COTABATO CITY, Maguindanao, Philippines — Cotabato Gov. Nancy Catamco has called on Congress to review and amend the rice tariffication law, or Republic Act No. 11203, blaming it for the steep drop in palay prices in her province, one of the leading rice producers in Mindanao.

Catamco, a former member of the House of Representatives, said local rice farmers had been complaining of the “very, very low farm-gate prices [of palay, or unmilled rice]” and they desperately needed support from national legislators “to correct a flawed legislation, which allows the unhampered entry of imported rice” into the country.

The rice tariffication law was implemented beginning March last year, doing away with quantitative limits to imports of the staple crop while setting higher tariffs, the proceeds of which go into the rice competitiveness enhancement fund to support the local rice industry.

But instead of helping the local rice industry, farmers “are suffering from the adverse effects of unlimited importation of rice,” said Catamco, who faced farmer leaders in a dialogue on Friday after a peaceful protest rally in Mlang town.

She said that in abiding by the country’s commitments to the World Trade Organization, the government “must not jeopardize the welfare of the millions of Filipino rice farmers who depend on the industry.”

Difficult life

Farmer Gualberto Sison lamented how life has become so difficult for his family when imported rice displaced them from the market.

“The prices of face masks is higher compared to the price of palay,” said Sison, who works in a 2-hectare rice farm. Private traders buy palay at P9.50 to P11 per kilo, and a face mask sells for P20 apiece.

While the National Food Authority (NFA) buys palay at P17 to P19 per kilo, another farmer, Solima Lim, said many of them could not avail themselves of government procurement and were forced to sell to traders who gave them loans for farm inputs.

Buying stations

Mindanao has about 1.2 million hectares of rice farms, generating more than 350,000 jobs with annual wages valued at P42 billion.

In Albay, another rice-producing province, palay buying stations have been set up in two towns where farmers can sell their produce for P19 per kilo.

Rep.
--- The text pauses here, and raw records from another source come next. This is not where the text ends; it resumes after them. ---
(* Let $S: x=x(u,v)$, $(u,v)\in\mathcal D$, be a strongly regular Weingarten surface parameterized by principal parameters, with $\nu_1=f(\nu)$, $\nu_2=g(\nu)$, $\nu=\nu(u,v)$. Let $\Phi$ be an antiderivative of $f'/(f-g)$ and $\Psi$ an antiderivative of $g'/(g-f)$ on $\mathcal I$. Then the function $\lambda=\ln\{\sqrt E\,\exp(\Phi(\nu(u,v)))\}$ does not depend on $v$, and the function $\mu=\ln\{\sqrt G\,\exp(\Psi(\nu(u,v)))\}$ does not depend on $u$.
   Context: $E,F,G$ and $L,M,N$ are the coefficients of the first and second fundamental forms; principal parameters means $F=M=0$ and no umbilical points. Principal curvatures: $\nu_1=L/E$, $\nu_2=N/G$; principal geodesic curvatures: $\gamma_1=-\frac{E_v}{2E\sqrt G}$, $\gamma_2=\frac{G_u}{2G\sqrt E}$. $S$ is strongly regular if $(\nu_1-\nu_2)\gamma_1\gamma_2\neq0$ on $\mathcal D$, with the convention $\nu_1-\nu_2>0$. A strongly regular surface is Weingarten if there exist differentiable functions $f(\nu),g(\nu)$, $\nu\in\mathcal I\subseteq\mathbb R$, with $f-g>0$, $f'g'\neq0$, and a differentiable function $\nu(u,v)\in\mathcal I$ with $\nu_u\nu_v\neq0$ on $\mathcal D$, such that $\nu_1=f(\nu)$, $\nu_2=g(\nu)$. *)

theory Defs
  imports "HOL-Analysis.Analysis" "HOL-Analysis.Cross3"
begin

definition pu :: "(real \<times> real \<Rightarrow> 'a::real_normed_vector) \<Rightarrow> real \<times> real \<Rightarrow> 'a" where
  "pu f p = vector_derivative (\<lambda>s. f (s, snd p)) (at (fst p))"

definition pv :: "(real \<times> real \<Rightarrow> 'a::real_normed_vector) \<Rightarrow> real \<times> real \<Rightarrow> 'a" where
  "pv f p = vector_derivative (\<lambda>s. f (fst p, s)) (at (snd p))"

fun Ck :: "nat \<Rightarrow> (real \<times> real \<Rightarrow> 'a::real_normed_vector) \<Rightarrow> (real \<times> real) set \<Rightarrow> bool" where
  "Ck 0 f D = continuous_on D f"
| "Ck (Suc k) f D =
     (continuous_on D f \<and>
      (\<forall>p\<in>D. (\<lambda>s. f (s, snd p)) differentiable (at (fst p)) \<and>
             (\<lambda>s. f (fst p, s)) differentiable (at (snd p))) \<and>
      Ck k (pu f) D \<and> Ck k (pv f) D)"

definition unit_normal :: "(real \<times> real \<Rightarrow> real^3) \<Rightarrow> real \<times> real \<Rightarrow> real^3" where
  "unit_normal x p = (1 / norm (cross3 (pu x p) (pv x p))) *\<^sub>R (cross3 (pu x p) (pv x p))"

definition coefE :: "(real \<times> real \<Rightarrow> real^3) \<Rightarrow> real \<times> real \<Rightarrow> real" where
  "coefE x p = pu x p \<bullet> pu x p"
definition coefF :: "(real \<times> real \<Rightarrow> real^3) \<Rightarrow> real \<times> real \<Rightarrow> real" where
  "coefF x p = pu x p \<bullet> pv x p"
definition coefG :: "(real \<times> real \<Rightarrow> real^3) \<Rightarrow> real \<times> real \<Rightarrow> real" where
  "coefG x p = pv x p \<bullet> pv x p"
definition coefL :: "(real \<times> real \<Rightarrow> real^3) \<Rightarrow> real \<times> real \<Rightarrow> real" where
  "coefL x p = pu (pu x) p \<bullet> unit_normal x p"
definition coefM :: "(real \<times> real \<Rightarrow> real^3) \<Rightarrow> real \<times> real \<Rightarrow> real" where
  "coefM x p = pv (pu x) p \<bullet> unit_normal x p"
definition coefN :: "(real \<times> real \<Rightarrow> real^3) \<Rightarrow> real \<times> real \<Rightarrow> real" where
  "coefN x p = pv (pv x) p \<bullet> unit_normal x p"

text \<open>Principal curvatures and principal geodesic curvatures (for principal parameters).\<close>
definition nu1 where "nu1 x p = coefL x p / coefE x p"
definition nu2 where "nu2 x p = coefN x p / coefG x p"
definition gamma1 where "gamma1 x p = - pv (coefE x) p / (2 * coefE x p * sqrt (coefG x p))"
definition gamma2 where "gamma2 x p = pu (coefG x) p / (2 * coefG x p * sqrt (coefE x p))"

definition regular_surface :: "(real \<times> real \<Rightarrow> real^3) \<Rightarrow> (real \<times> real) set \<Rightarrow> bool" where
  "regular_surface x D \<longleftrightarrow> open D \<and> Ck 3 x D \<and> (\<forall>p\<in>D. cross3 (pu x p) (pv x p) \<noteq> 0)"

definition principal_params where
  "principal_params x D \<longleftrightarrow> (\<forall>p\<in>D. coefF x p = 0 \<and> coefM x p = 0 \<and> nu1 x p \<noteq> nu2 x p)"

definition strongly_regular where
  "strongly_regular x D \<longleftrightarrow>
     (\<forall>p\<in>D. (nu1 x p - nu2 x p) * gamma1 x p * gamma2 x p \<noteq> 0 \<and> nu1 x p - nu2 x p > 0)"

definition weingarten where
  "weingarten x D f f' g g' I nu \<longleftrightarrow>
     open I \<and>
     (\<forall>t\<in>I. (f has_real_derivative f' t) (at t) \<and> (g has_real_derivative g' t) (at t) \<and>
             f t - g t > 0 \<and> f' t * g' t \<noteq> 0) \<and>
     (\<forall>p\<in>D. nu p \<in> I \<and>
             (\<lambda>s. nu (s, snd p)) differentiable (at (fst p)) \<and>
             (\<lambda>s. nu (fst p, s)) differentiable (at (snd p)) \<and>
             pu nu p * pv nu p \<noteq> 0 \<and>
             nu1 x p = f (nu p) \<and> nu2 x p = g (nu p))"

end

theory Submission
  imports Defs
begin

text \<open>
  For principal parameters the Codazzi equation reads \<open>L\<^sub>v = (E\<^sub>v / 2) (\<nu>\<^sub>1 + \<nu>\<^sub>2)\<close>.
  Differentiating \<open>\<nu>\<^sub>1 = L / E\<close> along \<open>v\<close> therefore gives
  \<open>(\<nu>\<^sub>1)\<^sub>v = (E\<^sub>v / 2E) (\<nu>\<^sub>2 - \<nu>\<^sub>1)\<close>. As \<open>\<nu>\<^sub>1 = f \<nu>\<close> and \<open>\<nu>\<^sub>2 = g \<nu>\<close>, this says
  \<open>f' \<nu> \<nu>\<^sub>v / (f \<nu> - g \<nu>) = - E\<^sub>v / 2E\<close>, i.e. \<open>(\<Phi> \<nu>)\<^sub>v = - (ln (sqrt E))\<^sub>v\<close>; symmetrically
  \<open>N\<^sub>u = (G\<^sub>u / 2) (\<nu>\<^sub>1 + \<nu>\<^sub>2)\<close> gives \<open>(\<Psi> \<nu>)\<^sub>u = - (ln (sqrt G))\<^sub>u\<close>.
  The Codazzi equations come from differentiating \<open>F = 0\<close> and \<open>M = 0\<close> and using the Weingarten
  equations \<open>n\<^sub>u = - \<nu>\<^sub>1 x\<^sub>u\<close>, \<open>n\<^sub>v = - \<nu>\<^sub>2 x\<^sub>v\<close>; this needs the symmetry of mixed partial
  derivatives of \<open>x\<close> up to order three, proved here by the classical double mean value argument.
\<close>

definition partially_differentiable :: "(real \<times> real \<Rightarrow> 'a::real_normed_vector) \<Rightarrow> real \<times> real \<Rightarrow> bool" where
  "partially_differentiable f p \<longleftrightarrow>
     (\<lambda>s. f (s, snd p)) differentiable (at (fst p)) \<and> (\<lambda>s. f (fst p, s)) differentiable (at (snd p))"

lemma Ck_Suc_iff:
  "Ck (Suc k) f D \<longleftrightarrow>
     continuous_on D f \<and> (\<forall>p\<in>D. partially_differentiable f p) \<and> Ck k (pu f) D \<and> Ck k (pv f) D"
  by (simp add: partially_differentiable_def)

lemma Ck_Suc_imp_Ck: "Ck (Suc k) f D \<Longrightarrow> Ck k f D"
proof (induction k arbitrary: f)
  case 0
  then show ?case by simp
next
  case (Suc k)
  then show ?case unfolding Ck_Suc_iff[of "Suc k"] Ck_Suc_iff[of k] by blast
qed

lemma pu_has_vector_derivative:
  "partially_differentiable f (u, v) \<Longrightarrow> ((\<lambda>s. f (s, v)) has_vector_derivative pu f (u, v)) (at u)"
  unfolding partially_differentiable_def pu_def using vector_derivative_works by auto

lemma pv_has_vector_derivative:
  "partially_differentiable f (u, v) \<Longrightarrow> ((\<lambda>s. f (u, s)) has_vector_derivative pv f (u, v)) (at v)"
  unfolding partially_differentiable_def pv_def using vector_derivative_works by auto

lemma open_slice_u: "open (D :: (real \<times> real) set) \<Longrightarrow> open {s. (s, v) \<in> D}"
  using continuous_open_vimage[of D "\<lambda>s. (s, v)"] by (auto simp: vimage_def intro!: continuous_intros)

lemma open_slice_v: "open (D :: (real \<times> real) set) \<Longrightarrow> open {s. (u, s) \<in> D}"
  using continuous_open_vimage[of D "\<lambda>s. (u, s)"] by (auto simp: vimage_def intro!: continuous_intros)

lemma pv_cong_open:
  assumes "open D" "p \<in> D" "\<And>q. q \<in> D \<Longrightarrow> f q = g q"
  shows "pv f p = pv g p"
proof -
  have "\<forall>\<^sub>F s in nhds (snd p). s \<in> {s. (fst p, s) \<in> D}"
    using assms(1,2) open_slice_v by (intro eventually_nhds_in_open) auto
  then have "\<forall>\<^sub>F s in nhds (snd p). s \<in> UNIV \<longrightarrow> f (fst p, s) = g (fst p, s)"
    by eventually_elim (use assms(3) in auto)
  then show ?thesis
    unfolding pv_def by (intro vector_derivative_cong_eq) auto
qed

lemma pu_inner_has_real_derivative:
  fixes f g :: "real \<times> real \<Rightarrow> 'a::real_inner"
  assumes "partially_differentiable f (u, v)" "partially_differentiable g (u, v)"
  shows "((\<lambda>s. f (s, v) \<bullet> g (s, v)) has_real_derivative pu f (u, v) \<bullet> g (u, v) + f (u, v) \<bullet> pu g (u, v)) (at u)"
  using bounded_bilinear.has_vector_derivative[OF bounded_bilinear_inner
      pu_has_vector_derivative[OF assms(1)] pu_has_vector_derivative[OF assms(2)]]
  by (simp add: has_real_derivative_iff_has_vector_derivative add.commute)

lemma pv_inner_has_real_derivative:
  fixes f g :: "real \<times> real \<Rightarrow> 'a::real_inner"
  assumes "partially_differentiable f (u, v)" "partially_differentiable g (u, v)"
  shows "((\<lambda>s. f (u, s) \<bullet> g (u, s)) has_real_derivative pv f (u, v) \<bullet> g (u, v) + f (u, v) \<bullet> pv g (u, v)) (at v)"
  using bounded_bilinear.has_vector_derivative[OF bounded_bilinear_inner
      pv_has_vector_derivative[OF assms(1)] pv_has_vector_derivative[OF assms(2)]]
  by (simp add: has_real_derivative_iff_has_vector_derivative add.commute)

lemma pu_inner_const:
  fixes f g :: "real \<times> real \<Rightarrow> 'a::real_inner"
  assumes "open D" "(u, v) \<in> D" "\<And>q. q \<in> D \<Longrightarrow> f q \<bullet> g q = c"
    and "partially_differentiable f (u, v)" "partially_differentiable g (u, v)"
  shows "pu f (u, v) \<bullet> g (u, v) + f (u, v) \<bullet> pu g (u, v) = 0"
proof (rule DERIV_unique[OF pu_inner_has_real_derivative[OF assms(4,5)]])
  show "((\<lambda>s. f (s, v) \<bullet> g (s, v)) has_real_derivative 0) (at u)"
    by (rule has_field_derivative_transform_within_open[OF DERIV_const open_slice_u[OF assms(1)]])
      (use assms(2,3) in auto)
qed

lemma pv_inner_const:
  fixes f g :: "real \<times> real \<Rightarrow> 'a::real_inner"
  assumes "open D" "(u, v) \<in> D" "\<And>q. q \<in> D \<Longrightarrow> f q \<bullet> g q = c"
    and "partially_differentiable f (u, v)" "partially_differentiable g (u, v)"
  shows "pv f (u, v) \<bullet> g (u, v) + f (u, v) \<bullet> pv g (u, v) = 0"
proof (rule DERIV_unique[OF pv_inner_has_real_derivative[OF assms(4,5)]])
  show "((\<lambda>s. f (u, s) \<bullet> g (u, s)) has_real_derivative 0) (at v)"
    by (rule has_field_derivative_transform_within_open[OF DERIV_const open_slice_v[OF assms(1)]])
      (use assms(2,3) in auto)
qed

section \<open>Symmetry of mixed partial derivatives\<close>

lemma double_difference_mvt:
  fixes \<phi> \<phi>u \<phi>uv :: "real \<times> real \<Rightarrow> real"
  assumes h: "h > 0"
    and du: "\<And>a b. a \<in> {u..u+h} \<Longrightarrow> b \<in> {v..v+h} \<Longrightarrow>
               ((\<lambda>s. \<phi> (s, b)) has_real_derivative \<phi>u (a, b)) (at a)"
    and duv: "\<And>a b. a \<in> {u..u+h} \<Longrightarrow> b \<in> {v..v+h} \<Longrightarrow>
               ((\<lambda>s. \<phi>u (a, s)) has_real_derivative \<phi>uv (a, b)) (at b)"
  obtains a b where "a \<in> {u<..<u+h}" "b \<in> {v<..<v+h}"
    "\<phi> (u+h, v+h) - \<phi> (u+h, v) - \<phi> (u, v+h) + \<phi> (u, v) = h\<^sup>2 * \<phi>uv (a, b)"
proof -
  have "\<exists>a. u < a \<and> a < u+h \<and>
      (\<phi> (u+h, v+h) - \<phi> (u+h, v)) - (\<phi> (u, v+h) - \<phi> (u, v)) = (u+h-u) * (\<phi>u (a, v+h) - \<phi>u (a, v))"
    using h by (intro MVT2) (auto intro!: derivative_eq_intros du)
  then obtain a where a: "u < a" "a < u+h"
      "\<phi> (u+h, v+h) - \<phi> (u+h, v) - \<phi> (u, v+h) + \<phi> (u, v) = h * (\<phi>u (a, v+h) - \<phi>u (a, v))"
    by (auto simp: algebra_simps)
  have "\<exists>b. v < b \<and> b < v+h \<and> \<phi>u (a, v+h) - \<phi>u (a, v) = (v+h-v) * \<phi>uv (a, b)"
    using h a by (intro MVT2) (auto intro!: duv)
  then obtain b where "v < b" "b < v+h" "\<phi>u (a, v+h) - \<phi>u (a, v) = h * \<phi>uv (a, b)"
    by auto
  with a show thesis
    by (intro that[of a b]) (auto simp: power2_eq_square)
qed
Fernando Cabredo said he was assured by the NFA in Albay that it had the funds to buy palay at P19 per kilo at its stations in Libon town and Ligao City.

“The absence of rice buying stations [in other areas] compels farmers to sell their palay to rice traders who in turn take advantage of the situation by manipulating and dictating the buying price of palay,” he said.

Farmers have wanted to sell their produce directly to the NFA but they are discouraged because the agency requires palay to be clean and dry, and doing so would mean additional cost for them.

Cabredo, quoting a report from the NFA, said the agency could still accept palay that were still wet and unclean because of the absence of warehouses and drying facilities in Bicol.

He said he had also asked the Department of Agriculture to provide more postharvest facilities like rice processing centers, dryers and multipurpose drying pavement to rice farmers, more farm-to-market roads and transportation assistance.